Part of that is par for the course - short of getting their hands on every gadget under the sun, there has to be some rehashing. They do seem to make their source links pretty clear though (unlike Engadget; a pet peeve of mine) and the ratio of rehashed content vs. reviews/commentary/etc seems much higher. It's still early days yet, though, so we'll see if they keep to that standard.

"Actually, bringing Arrington back into the fold is a smart move for more reasons than one: One source who has expressed interest in buying the properties said raising the money wasn’t the hard part. The hard part is finding a strong editorial figurehead to be at the helm."

To me, this speaks volumes on how big the loss of joshua topolsky & co. was to engadget.

Do you really want to believe this story? Which is written by someone who is extremely bitter that they didn't get to be editor of TechCrunch and whose property really isn't living up to expectations?
I almost forgot that AOL was still going and running some things. I still have loads of their awful CDs somewhere.
Do we really need this type of comment every time AOL gets mentioned?

It seems that someone always finds the needs to say something along the lines of "AOL exists?", and/or something about their beverage coasters.

Probably not. But then again, if the comment I posted is what crops up every time AOL is mentioned, perhaps there is a reason for it other than purely the general level of unimaginative net-waffle that I managed to embody there.
Am I the only one thinking "who cares?" in response to this? I mean, seriously, tech-blog drama is pretty boring and none of this seems to have a whole lot of bearing on anything that's going on that's actually going to change the world.
No, you're not. Clicked the link, went "Holy shit, couldn't make it past the headline without seeing Arrington". Needless to say I'll have to find a way to fall asleep tonight without knowing the latest in the saga of the mess that is TechCrunch.
I have this fantasy of buying them both and making them respectable. Of course, it would involve firing everybody currently involved.
I don't know where she's getting 20M, comscore says 16. And a huge chunk of that is huffpost-tech and huffpost-science, which basically can't be spun off (both the 'brands' and the tech are tied to the huffpo cms platform).
Anyone have a list of potential buyers?

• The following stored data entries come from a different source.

(* Let $X_1,\dots,X_p$ be metrizable spaces and let $B\hookrightarrow A\twoheadrightarrow A/B$ be an exact sequence of Hausdorff topological Abelian groups such that the quotient map $A\to A/B$ admits a continuous local cross-section (a continuous section defined on some neighbourhood of the identity of $A/B$). Then every semi-layered function $f:X_{\le p}\times I^p\to A/B$ has a semi-layered lift $F:X_{\le p}\times I^p\to A$, i.e. $F$ composed with the quotient map equals $f$.
   Context: Let $I=(0,1]$. A continuous dissection over a metrizable space $X$ is a family $\mathcal{F}$ of continuous functions $X\to[0,1]$ containing the constants $0,1$ which is locally finite (each point has a neighbourhood $U$ with $\{\xi|_U:\xi\in\mathcal{F}\}$ finite); it is l-complete if closed under pointwise max, min and pointwise limits of convergent directed families. An $\mathcal{F}$-wedge is $\{(x,t):\xi_1(x)<t\le\xi_2(x)\}$, $\xi_1,\xi_2\in\mathcal{F}$. With $X_{\le i}=X_1\times\cdots\times X_i$, an ascending tuple $(\mathcal{F}_1,\dots,\mathcal{F}_p)$ has $\mathcal{F}_i$ a continuous dissection over $X_{\le i}$; an $(\mathcal{F}_1,\dots,\mathcal{F}_p)$-multiwedge is $\{(x_1,\dots,x_p,t_1,\dots,t_p):(x_1,\dots,x_i,t_i)\in C_i\ \forall i\}$ with $C_i$ an $\mathcal{F}_i$-wedge; minimal means nonempty and minimal under inclusion. Let $\beta:X_{\le p}\times I^p\to X_{\le p}$ be the projection. For a Hausdorff topological Abelian group $A$, a function $f:X_{\le p}\times I^p\to A$ is semi-layered if there is an ascending tuple of l-complete continuous dissections $(\mathcal{F}_1,\dots,\mathcal{F}_p)$ (said to semi-control $f$) such that for every minimal multiwedge $C$ there is a continuous $f_C:\overline{\beta(C)}\to A$ with $f|_C=f_C\circ\beta|_C$. *)

theory Defs
  imports "HOL-Analysis.Analysis"
begin

text \<open>The spaces X_1,...,X_p are represented by topologies
  X 0, ..., X (p-1) on a common carrier type.  A point of
  X_{<= i} = X_1 x ... x X_i is an extensional function on the index set {..<i}
  (a point of product_topology X {..<i}).  A point of X_{<= p} x I^p is a pair
  (x, t) with x in X_{<= p} and t an extensional function {..<p} -> (0,1].\<close>

definition Xle :: "(nat \<Rightarrow> 'a topology) \<Rightarrow> nat \<Rightarrow> (nat \<Rightarrow> 'a) topology" where
  "Xle X i = product_topology X {..<i}"

definition Ipow :: "nat \<Rightarrow> (nat \<Rightarrow> real) set" where
  "Ipow p = PiE {..<p} (\<lambda>_. {0<..1})"

definition dom_space :: "(nat \<Rightarrow> 'a topology) \<Rightarrow> nat \<Rightarrow> ((nat \<Rightarrow> 'a) \<times> (nat \<Rightarrow> real)) set" where
  "dom_space X p = topspace (Xle X p) \<times> Ipow p"

definition continuous_dissection :: "'b topology \<Rightarrow> ('b \<Rightarrow> real) set \<Rightarrow> bool" where
  "continuous_dissection Y F \<longleftrightarrow>
     (\<forall>\<xi>\<in>F. continuous_map Y (subtopology euclideanreal {0..1}) \<xi>
             \<and> (\<forall>y. y \<notin> topspace Y \<longrightarrow> \<xi> y = 0)) \<and>
     restrict (\<lambda>_. 0) (topspace Y) \<in> F \<and> restrict (\<lambda>_. 1) (topspace Y) \<in> F \<and>
     (\<forall>y\<in>topspace Y. \<exists>U. openin Y U \<and> y \<in> U \<and> finite ((\<lambda>\<xi>. restrict \<xi> U) ` F))"

definition up_directed :: "('b \<Rightarrow> real) set \<Rightarrow> bool" where
  "up_directed D \<longleftrightarrow> D \<noteq> {} \<and> (\<forall>\<xi>\<in>D. \<forall>\<eta>\<in>D. \<exists>\<zeta>\<in>D. \<xi> \<le> \<zeta> \<and> \<eta> \<le> \<zeta>)"

definition down_directed :: "('b \<Rightarrow> real) set \<Rightarrow> bool" where
  "down_directed D \<longleftrightarrow> D \<noteq> {} \<and> (\<forall>\<xi>\<in>D. \<forall>\<eta>\<in>D. \<exists>\<zeta>\<in>D. \<zeta> \<le> \<xi> \<and> \<zeta> \<le> \<eta>)"

text \<open>The pointwise limit of such a
  directed family of functions is given by the net indexed by the family itself,
  ordered pointwise; for an upward directed family it is the pointwise supremum,
  for a downward directed family the pointwise infimum.\<close>
definition l_complete :: "('b \<Rightarrow> real) set \<Rightarrow> bool" where
  "l_complete F \<longleftrightarrow>
     (\<forall>\<xi>\<in>F. \<forall>\<eta>\<in>F. (\<lambda>y. max (\<xi> y) (\<eta> y)) \<in> F \<and> (\<lambda>y. min (\<xi> y) (\<eta> y)) \<in> F) \<and>
     (\<forall>D\<subseteq>F. up_directed D \<and> (\<forall>y. bdd_above ((\<lambda>\<xi>. \<xi> y) ` D))
               \<longrightarrow> (\<lambda>y. SUP \<xi>\<in>D. \<xi> y) \<in> F) \<and>
     (\<forall>D\<subseteq>F. down_directed D \<and> (\<forall>y. bdd_below ((\<lambda>\<xi>. \<xi> y) ` D))
               \<longrightarrow> (\<lambda>y. INF \<xi>\<in>D. \<xi> y) \<in> F)"

text \<open>Ascending tuple (F_1,...,F_p) of l-complete continuous dissections;
  Fs i (i < p) is the dissection over X_{<= i+1}.\<close>
definition ascending_lcomplete :: "(nat \<Rightarrow> 'a topology) \<Rightarrow> nat \<Rightarrow> (nat \<Rightarrow> ((nat \<Rightarrow> 'a) \<Rightarrow> real) set) \<Rightarrow> bool" where
  "ascending_lcomplete X p Fs \<longleftrightarrow>
     (\<forall>i<p. continuous_dissection (Xle X (Suc i)) (Fs i) \<and> l_complete (Fs i))"

definition multiwedge_of :: "(nat \<Rightarrow> 'a topology) \<Rightarrow> nat \<Rightarrow> (nat \<Rightarrow> (nat \<Rightarrow> 'a) \<Rightarrow> real)
     \<Rightarrow> (nat \<Rightarrow> (nat \<Rightarrow> 'a) \<Rightarrow> real) \<Rightarrow> ((nat \<Rightarrow> 'a) \<times> (nat \<Rightarrow> real)) set" where
  "multiwedge_of X p \<xi>1 \<xi>2 = {(x, t). (x, t) \<in> dom_space X p \<and>
      (\<forall>i<p. \<xi>1 i (restrict x {..<Suc i}) < t i \<and> t i \<le> \<xi>2 i (restrict x {..<Suc i}))}"

definition is_multiwedge :: "(nat \<Rightarrow> 'a topology) \<Rightarrow> nat \<Rightarrow> (nat \<Rightarrow> ((nat \<Rightarrow> 'a) \<Rightarrow> real) set)
     \<Rightarrow> ((nat \<Rightarrow> 'a) \<times> (nat \<Rightarrow> real)) set \<Rightarrow> bool" where
  "is_multiwedge X p Fs C \<longleftrightarrow>
     (\<exists>\<xi>1 \<xi>2. (\<forall>i<p. \<xi>1 i \<in> Fs i \<and> \<xi>2 i \<in> Fs i) \<and> C = multiwedge_of X p \<xi>1 \<xi>2)"

definition minimal_multiwedge :: "(nat \<Rightarrow> 'a topology) \<Rightarrow> nat \<Rightarrow> (nat \<Rightarrow> ((nat \<Rightarrow> 'a) \<Rightarrow> real) set)
     \<Rightarrow> ((nat \<Rightarrow> 'a) \<times> (nat \<Rightarrow> real)) set \<Rightarrow> bool" where
  "minimal_multiwedge X p Fs C \<longleftrightarrow> is_multiwedge X p Fs C \<and> C \<noteq> {} \<and>
     (\<forall>C'. is_multiwedge X p Fs C' \<and> C' \<noteq> {} \<and> C' \<subseteq> C \<longrightarrow> C' = C)"

definition semi_controls :: "(nat \<Rightarrow> 'a topology) \<Rightarrow> nat \<Rightarrow> (nat \<Rightarrow> ((nat \<Rightarrow> 'a) \<Rightarrow> real) set)
     \<Rightarrow> ((nat \<Rightarrow> 'a) \<times> (nat \<Rightarrow> real) \<Rightarrow> 'g::topological_space) \<Rightarrow> bool" where
  "semi_controls X p Fs f \<longleftrightarrow> ascending_lcomplete X p Fs \<and>
     (\<forall>C. minimal_multiwedge X p Fs C \<longrightarrow>
        (\<exists>fC. continuous_map (subtopology (Xle X p) ((Xle X p) closure_of (fst ` C))) euclidean fC
              \<and> (\<forall>z\<in>C. f z = fC (fst z))))"

definition semi_layered :: "(nat \<Rightarrow> 'a topology) \<Rightarrow> nat
     \<Rightarrow> ((nat \<Rightarrow> 'a) \<times> (nat \<Rightarrow> real) \<Rightarrow> 'g::topological_space) \<Rightarrow> bool" where
  "semi_layered X p f \<longleftrightarrow> (\<exists>Fs. semi_controls X p Fs f)"

end

theory Submission
  imports Defs
begin

text \<open>A semi-layered f is given on each minimal multiwedge C by a continuous function g C of x
  on the closure of the projection of C. Only finitely many of these closures come near a point,
  so every point of X_{\<le>p} has a neighbourhood on which all g C oscillate inside the domain U of
  the local section s. Using a metric, one builds continuous functions 1 = \<mu> 0 \<ge> \<mu> 1 \<ge> ...,
  locally eventually 0, and on the set where \<mu> (n+1) < \<mu> n a locally constant choice of a
  member of that neighbourhood cover. On the part of C where \<mu> (n+1) x < t_p \<le> \<mu> n x the lift
  is a + s (g C x - g C b), with b a base point in the chosen member and \<pi> a = g C b. Adding
  all \<mu> n to the last dissection and taking the l-complete hull gives a tuple each of whose
  minimal multiwedges lies in one old minimal multiwedge and one layer, and this tuple
  semi-controls the lift.\<close>

section \<open>Max-min combinations of real functions\<close>

lemma continuous_map_real_Max:
  assumes "finite A" "A \<noteq> {}" "\<And>a. a \<in> A \<Longrightarrow> continuous_map Z euclideanreal (f a)"
  shows "continuous_map Z euclideanreal (\<lambda>y. Max ((\<lambda>a. f a y) ` A))"
  using assms
proof (induction A rule: finite_ne_induct)
  case (insert x F)
  then have "continuous_map Z euclideanreal (\<lambda>y. max (f x y) (Max ((\<lambda>a. f a y) ` F)))"
    by (intro continuous_intros) auto
  with insert show ?case by (simp add: Max_insert)
qed simp

lemma continuous_map_real_Min:
  assumes "finite A" "A \<noteq> {}" "\<And>a. a \<in> A \<Longrightarrow> continuous_map Z euclideanreal (f a)"
  shows "continuous_map Z euclideanreal (\<lambda>y. Min ((\<lambda>a. f a y) ` A))"
  using assms
proof (induction A rule: finite_ne_induct)
  case (insert x F)
  then have "continuous_map Z euclideanreal (\<lambda>y. min (f x y) (Min ((\<lambda>a. f a y) ` F)))"
    by (intro continuous_intros) auto
  with insert show ?case by (simp add: Min_insert)
qed simp

lemma up_directed_finite_upper_bound:
  assumes "up_directed D" "finite E" "E \<subseteq> D"
  obtains \<zeta> where "\<zeta> \<in> D" "\<forall>\<xi>\<in>E. \<xi> \<le> \<zeta>"
proof -
  from assms(2,3) have "\<exists>\<zeta>\<in>D. \<forall>\<xi>\<in>E. \<xi> \<le> \<zeta>"
  proof (induction E rule: finite_induct)
    case empty then show ?case using assms(1) by (auto simp: up_directed_def)
  next
    case (insert x F)
    then obtain \<zeta> where "\<zeta> \<in> D" "\<forall>\<xi>\<in>F. \<xi> \<le> \<zeta>" by auto
    moreover obtain \<zeta>' where "\<zeta>' \<in> D" "x \<le> \<zeta>'" "\<zeta> \<le> \<zeta>'"
      using assms(1) insert calculation unfolding up_directed_def by blast
    ultimately show ?case using order_trans by blast
  qed
  then show thesis using that by blast
qed

lemma down_directed_finite_lower_bound:
  assumes "down_directed D" "finite E" "E \<subseteq> D"
  obtains \<zeta> where "\<zeta> \<in> D" "\<forall>\<xi>\<in>E. \<zeta> \<le> \<xi>"
proof -
  from assms(2,3) have "\<exists>\<zeta>\<in>D. \<forall>\<xi>\<in>E. \<zeta> \<le> \<xi>"
  proof (induction E rule: finite_induct)
    case empty then show ?case using assms(1) by (auto simp: down_directed_def)
  next
    case (insert x F)
    then obtain \<zeta> where "\<zeta> \<in> D" "\<forall>\<xi>\<in>F. \<zeta> \<le> \<xi>" by auto
    moreover obtain \<zeta>' where "\<zeta>' \<in> D" "\<zeta>' \<le> x" "\<zeta>' \<le> \<zeta>"
      using assms(1) insert calculation unfolding down_directed_def by blast
    ultimately show ?case using order_trans by blast
  qed
  then show thesis using that by blast
qed

definition max_of_mins :: "('b \<Rightarrow> real) set set \<Rightarrow> 'b \<Rightarrow> real" where
  "max_of_mins T y = Max ((\<lambda>S. Min ((\<lambda>\<phi>. \<phi> y) ` S)) ` T)"

definition maxmin_span :: "('b \<Rightarrow> real) set \<Rightarrow> ('b \<Rightarrow> real) set" where
  "maxmin_span G = max_of_mins ` {T. T \<noteq> {} \<and> (\<forall>S\<in>T. S \<noteq> {} \<and> S \<subseteq> G)}"

lemma maxmin_spanE:
  assumes "finite G" "h \<in> maxmin_span G"
  obtains T where "finite T" "T \<noteq> {}" "\<And>S. S \<in> T \<Longrightarrow> finite S \<and> S \<noteq> {} \<and> S \<subseteq> G"
    "h = max_of_mins T"
proof -
  obtain T where T: "T \<noteq> {}" "\<forall>S\<in>T. S \<noteq> {} \<and> S \<subseteq> G" "h = max_of_mins T"
    using assms(2) unfolding maxmin_span_def by blast
  have "finite T" using T(2) assms(1) by (metis Pow_iff finite_Pow_iff finite_subset subsetI)
  moreover have "finite S" if "S \<in> T" for S using T(2) assms(1) that by (meson finite_subset)
  ultimately show thesis using that T by blast
qed

lemma maxmin_spanI:
  "T \<noteq> {} \<Longrightarrow> (\<And>S. S \<in> T \<Longrightarrow> S \<noteq> {} \<and> S \<subseteq> G) \<Longrightarrow> max_of_mins T \<in> maxmin_span G"
  unfolding maxmin_span_def by blast

lemma le_max_of_mins_iff:
  assumes "finite T" "T \<noteq> {}" "\<And>S. S \<in> T \<Longrightarrow> finite S \<and> S \<noteq> {}"
  shows "x \<le> max_of_mins T y \<longleftrightarrow> (\<exists>S\<in>T. \<forall>\<phi>\<in>S. x \<le> \<phi> y)"
  using assms by (simp add: max_of_mins_def Max_ge_iff Min_ge_iff)

lemma real_eqI_le_iff:
  fixes a b :: real
  assumes "\<And>x. x \<le> a \<longleftrightarrow> x \<le> b" shows "a = b"
  using assms[of a] assms[of b] by linarith

lemma finite_maxmin_span: "finite G \<Longrightarrow> finite (maxmin_span G)"
proof -
  assume G: "finite G"
  have "{T. T \<noteq> {} \<and> (\<forall>S\<in>T. S \<noteq> {} \<and> S \<subseteq> G)} \<subseteq> Pow (Pow G)" by auto
  then show ?thesis using G unfolding maxmin_span_def by (meson finite_Pow_iff finite_subset finite_imageI)
qed

lemma maxmin_span_base:
  assumes "g \<in> G" shows "g \<in> maxmin_span G"
proof -
  have "max_of_mins {{g}} = g" by (simp add: max_of_mins_def fun_eq_iff)
  then show ?thesis using maxmin_spanI[of "{{g}}" G] assms by simp
qed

Seems like the list would be really short.
How the hell are two blogs worth $100m?
I think in this day and age it's best not to ask those types of silly questions.
Yeah. The biggest tech blog in the world changes hands twice in a year for astronomical sums, while the founder starts a VC fund. All being reported on by a blog with VC ties.

No bubble here.

This is the only comment that matters in this thread.
I would like to see Arrington organize a purchase of TechCrunch. He'd bring a voice back to TC that's been missing.
Heh, funny how the bloggers over there seem to be extremely concerned with the $70 million valuation because of the lack of substantial revenue for TC and Engadget but don't seem so worried about every other startup they cover.
Arrington won't be able to revive it to it's past glory. The shine is off. The brand has been damaged. The power and mystic is gone.
I dunno, expecting a tenth-of-an-Instagram is stretching it.
Did you hear that? That's the sound of the bubble beginning to pop.
“I don’t know anything. No one tells me anything. I am not in the least bit interested [in buying back TechCrunch]. I was Team Pando all the way until Sarah Lacy fired me. That does not change my position on TechCrunch.”

Can anyone explain? I've got a grasp on the business side of most of this but what role did he play at PandoDaily, and why was he fired by the founder and author of the article?

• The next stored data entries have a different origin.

lemma increment_distribution_if_poisson_process:
  assumes P: "mp_poisson_process M \<Lambda> total_count" and st: "0 \<le> s" "s \<le> t"
  shows "prob (increment s t -` {k} \<inter> space M) = poisson_density (dotp \<Lambda> t - dotp \<Lambda> s) k"
proof -
  have "prob (increment s t -` {k} \<inter> space M) = measure (distr M (count_space UNIV) (increment s t)) {k}"
    using st increment_measurable by (simp add: measure_distr)
  also have "distr M (count_space UNIV) (increment s t) = distr M (count_space UNIV) (total_count (t - s))"
    using P st unfolding mp_poisson_process_def increment_def[abs_def] by blast
  also have "measure \<dots> {k} = prob {\<omega> \<in> space M. total_count (t - s) \<omega> = k}"
    using st total_count_measurable[of "t - s"] by (simp add: measure_distr vimage_def Int_def conj_commute)
  also have "\<dots> = poisson_density (dotp \<Lambda> t - dotp \<Lambda> s) k"
    using P st unfolding mp_poisson_process_def by (simp add: poisson_density_def dotp_diff)
  finally show ?thesis .
qed

lemma N_increment_in_proc_sigma:
  assumes "0 \<le> a" "0 \<le> b"
  shows "(\<lambda>\<omega>. N i b \<omega> - N i a \<omega>) -` B \<inter> space M \<in> proc_sigma M (N i) {0..}"
proof -
  let ?G = "{N i r -` C \<inter> space M | r C. r \<in> {0..}}"
  have "?G \<subseteq> Pow (space M)"
    by auto
  then have space: "space (sigma (space M) ?G) = space M" and sets: "sets (sigma (space M) ?G) = sigma_sets (space M) ?G"
    by (simp_all add: space_measure_of sets_measure_of)
  have "N i r \<in> measurable (sigma (space M) ?G) (count_space UNIV)" if "0 \<le> r" for r
    unfolding measurable_count_space_eq2_countable space sets using that
    by (auto intro!: sigma_sets.Basic)
  then have "(\<lambda>\<omega>. N i b \<omega> - N i a \<omega>) \<in> measurable (sigma (space M) ?G) (count_space UNIV)"
    using assms by (intro measurable_count_space_combine[where h="(-)"])
  from measurable_sets[OF this, of B] show ?thesis
    unfolding proc_sigma_def by (simp only: space sets sets_count_space Pow_UNIV UNIV_I)
qed

lemma pasts_indep_increments_if_poisson_process:
  assumes indep: "indep_sets (\<lambda>i. proc_sigma M (N i) {0..}) UNIV"
    and P: "mp_poisson_process M \<Lambda> total_count" and st: "0 \<le> s" "s \<le> t"
  shows "indep_set
    (sigma_sets (space M) (\<Union>i. sigma_sets (space M) (\<Union>r\<in>{0..s i}. {N i r -` C \<inter> space M | C. True})))
    (sigma_sets (space M) (\<Union>i. {(\<lambda>\<omega>. N i (t i) \<omega> - N i (s i) \<omega>) -` B \<inter> space M | B. True}))"
proof (rule indep_set_sigma_UN_components[OF indep])
  fix i
  have si: "0 \<le> s i" "s i \<le> t i"
    using st by (auto simp: le_fun_def)
  show "sigma_algebra (space M) (proc_sigma M (N i) {0..})"
    unfolding proc_sigma_def by (rule sigma_algebra_sigma_sets) auto
  show "sigma_sets (space M) (\<Union>r\<in>{0..s i}. {N i r -` C \<inter> space M | C. True}) \<subseteq> proc_sigma M (N i) {0..}"
    unfolding proc_sigma_def by (rule sigma_sets_subseteq) force
  show "{(\<lambda>\<omega>. N i (t i) \<omega> - N i (s i) \<omega>) -` B \<inter> space M | B. True} \<subseteq> proc_sigma M (N i) {0..}"
    using si by (auto intro: N_increment_in_proc_sigma)
  show "indep_set (sigma_sets (space M) (\<Union>r\<in>{0..s i}. {N i r -` C \<inter> space M | C. True}))
      {(\<lambda>\<omega>. N i (t i) \<omega> - N i (s i) \<omega>) -` B \<inter> space M | B. True}"
    using si by (intro indep_past_increment N_measurable N_zero N_mono axis_increments_indep[OF P]) auto
  show "Int_stable (sigma_sets (space M) (\<Union>r\<in>{0..s i}. {N i r -` C \<inter> space M | C. True}))"
    "space M \<in> sigma_sets (space M) (\<Union>r\<in>{0..s i}. {N i r -` C \<inter> space M | C. True})"
    by (auto intro: Int_stable_sigma_sets sigma_sets_top)
  show "Int_stable {(\<lambda>\<omega>. N i (t i) \<omega> - N i (s i) \<omega>) -` B \<inter> space M | B. True}"
    by (rule Int_stable_vimage)
  show "space M \<in> {(\<lambda>\<omega>. N i (t i) \<omega> - N i (s i) \<omega>) -` B \<inter> space M | B. True}"
    by (intro CollectI exI[of _ UNIV]) simp
qed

She is an egocentric person who could not handle the fact that he wanted to help both her company and TC, the brand that he spent many years of his life building. So she kicked him off the board in a completely immature way.
Not getting involved in blog politics, but Arrington/Crunchfund is an investor in Pando, TC is a competitor, the Pando Execs and board likely made a decision based on the competitive environment.

I can see for a generic company with investors A, B, and C; if B decided to get involved with a competitor, the board and execs might make plans accordingly. We've seen this in the seed VC world with express decisions to not invest in competing companies.